# Anyone want a very silly, unreliable and possibly rude tarot reading?



## Faustus (Feb 4, 2021)

Ok I got this deck of comedy tarot cards called the Arcane Bulls**t Tarot and I really need to get more use out of it because it’s hilarious! Who wants a tarot reading?! Just ask a question about the future and give me a number between one and 50 so I can cut the deck at random for you, and the cards shall answer in a wildly inaccurate but hopefully amusing manner!

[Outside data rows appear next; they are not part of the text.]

(* Let $\theta\in(0,1)$ and $(v_n)_{n\ge1}\sim PD(\theta)$. Then for every $0<\delta<1$ and $n\ge1$, $\mathbb E v_n\le e^{-n\delta^2/8}+C(\theta)(1+\delta)^{1/\theta}\,n^{-1/\theta},$ where $C(\theta)=\dfrac{\Gamma(1+\frac1\theta)}{\Gamma(1-\theta)^{1/\theta}}$.
   Context: $PD(\theta)$: the law of $(u_n/\sum_mu_m)_{n\ge1}$ where $u_1>u_2>\dots$ are the points of a Poisson point process on $(0,\infty)$ with intensity $\theta x^{-1-\theta}dx$. *)

theory Defs
  imports "HOL-Probability.Probability"
begin

definition PD_intensity :: "real \<Rightarrow> real measure" where
  "PD_intensity \<theta> = density lborel
     (\<lambda>x. ennreal (indicator {0<..} x * (\<theta> * x powr (-1 - \<theta>))))"

definition pcount :: "(nat \<Rightarrow> real) \<Rightarrow> real set \<Rightarrow> nat" where
  "pcount u A = card {n. u n \<in> A}"
lemma Suc_multiplicity_not_in_sigma: "m + 1 \<notin> sigma n G"
proof
  assume "m + 1 \<in> sigma n G"
  then obtain i where i: "1 \<le> i" "i \<le> g + 1" "s i = m + 1"
    using sigma_enum_preimage by blast
  consider "i = 1" | "2 \<le> i" "i \<le> \<alpha> + 1" | "\<alpha> + 2 \<le> i"
    using i by linarith
  then show False
  proof cases
    case 1
    then show ?thesis
      using i two_le_multiplicity by (simp add: sigma_enum_def)
  next
    case 2
    then have "L (i - 1) \<in> G"
      using ell_mem[of "i - 1"] alpha_props(2) by simp
    then show ?thesis
      using i 2 multiplicity_not_mem by (simp add: sigma_enum_def)
  next
    case 3
    then have "L (i - 1) = m - 1"
      using i by (simp add: sigma_enum_def)
    moreover have "L (m - 1) < L (i - 1)"
      using ell_less[of "m - 1" "i - 1"] 3 i multiplicity_le_alpha_plus_one two_le_multiplicity
      by simp
    ultimately show ?thesis
      using ell_below_multiplicity[of "m - 1"] two_le_multiplicity by simp
  qed
qed

lemma twice_multiplicity_plus_two_not_in_sigma:
  assumes "g \<le> 3 * n + 3" "Max G < 3 * m"
  shows "2 * m + 2 \<notin> sigma n G"
proof
  assume "2 * m + 2 \<in> sigma n G"
  then obtain i where i: "1 \<le> i" "i \<le> g + 1" "s i = 2 * m + 2"
    using sigma_enum_preimage by blast
  consider "i = 1" | "2 \<le> i" "i \<le> \<alpha> + 1" | "\<alpha> + 2 \<le> i"
    using i by linarith
  then show False
  proof cases
    case 1
    then show ?thesis
      using i by (simp add: sigma_enum_def)
  next
    case 3
    then have "L (i - 1) \<in> G"
      using ell_mem[of "i - 1"] i by simp
    then show ?thesis
      using i 3 gapset_mult_multiplicity_not_mem[OF gapset, of 2] by (simp add: sigma_enum_def)
  next
    case 2
    text \<open>Here \<open>\<ell>\<^sub>\<alpha> \<ge> 2m + 1\<close>, and the gap of size \<open>2n\<close> above it forces too many gaps.\<close>
    define a where "a = L \<alpha>"
    have "L (i - 1) \<le> a"
      using ell_le[of "i - 1" \<alpha>] 2 alpha_props(2) by (simp add: a_def)
    then have "2 * m < a"
      using i 2 by (simp add: sigma_enum_def)
    have "a \<in> G"
      using ell_mem[of \<alpha>] alpha_props(1,2) by (simp add: a_def)
    have "a + 2 * n \<in> G"
      using ell_mem[of "\<alpha> + 1"] alpha_props by (simp add: a_def)
    then have "a + 2 * n < 3 * m"
      using Max_ge[OF finite] assms(2) le_less_trans by blast
    then have "a < a + 2 * n" "a + 2 * n < a + m"
      using n_pos \<open>2 * m < a\<close> by linarith+
    then have "m + (a + 2 * n - 2 * m) div 2 + 2 \<le> g"
      by (rule gapset_card_lower_bound[OF gapset \<open>a \<in> G\<close> \<open>a + 2 * n \<in> G\<close> \<open>2 * m < a\<close>])
    moreover have "n \<le> (a + 2 * n - 2 * m) div 2"
      using \<open>2 * m < a\<close> by linarith
    moreover have "2 * n + 2 \<le> m"
      using \<open>2 * m < a\<close> \<open>a + 2 * n < 3 * m\<close> by linarith
    ultimately show False
      using assms(1) by linarith
  qed
qed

due to the NSFW nature of some of the cards, I will be posting the readings on my FA as writing submissions and linking them here. If you’d rather have a private reading - like if you actually believe a tarot deck with cards like ‘pupa vomiting on cats’ and ‘space death’ might know anything about the future - then PM me instead!

I don’t know how many of these I’ve got in me so I may pick and choose my favourite questions to answer.

Aaaaaany takers?


----------



## Kit H. Ruppell (Feb 4, 2021)

Sure. Am bored borb.


----------



## Punji (Feb 4, 2021)

Please! Sounds fun!

Should I commission the esoteric arts I thirst for? 4!


----------



## Saokymo (Feb 4, 2021)

Am I finally gonna get a booty call this year? 37


----------



## TyraWadman (Feb 4, 2021)

Am i any closer to finding Mr Right? 7


----------



## Faustus (Feb 4, 2021)

Ok, starting on these now! You're all damn lucky I have insomnia, and a sleep-deprived hallucinatory mania is exactly the right state of mind to go around giving complete strangers advice that could drastically affect their future lives!

(@Kit H. Ruppell you forgot to ask a question)


----------



## Faustus (Feb 4, 2021)

@Punji here's yours! (Please don't hit me!)
https://www.furaffinity.net/view/40466350








						Arcane BS 1 - Punji by Doktor_Zeus
					

A reading on the Arcane BS Tarot for Punji - enjoy!




					www.furaffinity.net


----------



## Kit H. Ruppell (Feb 4, 2021)

Faustus said:


> Ok, starting on these now! You're all damn lucky I have insomnia, and a sleep-deprived hallucinatory mania is exactly the right state of mind to go around giving complete strangers advice that could drastically affect their future lives!
> 
> (@Kit H. Ruppell you forgot to ask a question)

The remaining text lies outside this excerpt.